Experts say it won’t be as bad this year as in years past.

A lot of CBS4 viewers joined the conversation about miller moths on the CBS4 Facebook page.

“I thought it was only my house! I’m glad I’m not alone,” Kevi Stringer wrote.

The pesky moths seem to be everywhere — both outside and inside homes.

“Actually, they’ve been around, they’ve just been a little dormant with rain and colder temperatures,” Jenifer Doane with the Butterfly Pavilion said.

The moths start out on the Eastern Plains and then make their way to the Front Range at the start of May. Once it gets too hot, they head up to the mountains.

“There are not more, not a surge, just more activity,” Doane said.

Entomologists say the number of miller moths will be below normal this year. That’s based on low numbers last fall when the eggs were actually laid. Although they seem like a nuisance, they’re important to the ecosystem.

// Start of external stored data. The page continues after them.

(* Let $Z$ be a topological space and $\ell>0$. Then there is a homeomorphism $\mathbb{P}^{\mathcal{G}}_{0,1}{\rm Glob}^{\mathcal{G}}_\ell(Z)\cong\mathcal{G}(1,\ell)\times Z$.
   Context: Work in $\mathbf{Top}$, the category of $\Delta$-generated spaces (or $\Delta$-Hausdorff $\Delta$-generated spaces), cartesian closed with internal hom ${\rm TOP}$ (the $\Delta$-kelleyfication of the compact-open topology); products are taken in $\mathbf{Top}$; subsets carry the $\Delta$-kelleyfication of the relative topology. $\mathcal{G}(\ell_1,\ell_2)$: set of nondecreasing homeomorphisms $[0,\ell_1]\to[0,\ell_2]$, as a subspace of ${\rm TOP}([0,\ell_1],[0,\ell_2])$. A multipointed $d$-space $X=(|X|,X^0,\mathbb{P}^{\mathcal{G}}X)$: a space, a subset of states, a set of continuous execution paths $[0,1]\to|X|$ with endpoints in $X^0$, stable under precomposition by $\mathcal{G}(1,1)$ and normalized composition. $\mathbb{P}^{\mathcal{G}}_{\alpha,\beta}X$, the set of execution paths from $\alpha$ to $\beta$, is a subspace of ${\rm TOP}([0,1],|X|)$. ${\rm Glob}^{\mathcal{G}}_\ell(Z)$: underlying space the quotient of $\{0,1\}\sqcup Z\times[0,\ell]$ identifying every $(z,0)$ with $0$ and every $(z,\ell)$ with $1$; states $\{0,1\}$; execution paths $\delta_z\circ\phi$ for $z\in Z$, $\phi\in\mathcal{G}(1,\ell)$, where $\delta_z(t)=(z,t)$. *)

theory Defs
  imports "HOL-Analysis.Analysis" "HOL-Homology.Homology"
begin

definition delta_kelley :: "'a topology \<Rightarrow> 'a topology" where
  "delta_kelley X = topology (\<lambda>U. U \<subseteq> topspace X \<and>
     (\<forall>p f. singular_simplex p X f \<longrightarrow>
        openin (subtopology (powertop_real UNIV) (standard_simplex p))
               {x \<in> standard_simplex p. f x \<in> U}))"

definition delta_generated :: "'a topology \<Rightarrow> bool" where
  "delta_generated X \<longleftrightarrow> delta_kelley X = X"

text \<open>Binary product in Top: Delta-kelleyfication of the product topology.\<close>
definition dprod :: "'a topology \<Rightarrow> 'b topology \<Rightarrow> ('a \<times> 'b) topology" where
  "dprod X Y = delta_kelley (prod_topology X Y)"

“Miller moths feed on alfalfa in the gardens,” Doane said. “They’re just a part of the food chain and they feed our birds.”

If the moths are becoming too much of a problem, the following are suggestions:

- Don’t keep any lights on near a door since moths are attracted to the light
– Close windows at night — they’ll find their way through a screen
– Put a bucket of soapy water out near a light — the moths will be attracted, fall in and drown

Don’t mistake miller moths for clothes moths. Miller moths won’t be in closets or drawers.

The miller moths won’t be around much longer — probably another two or three weeks, and then they head up to higher ground. That’s when all the butterflies will be out. They are a much more tolerable insect.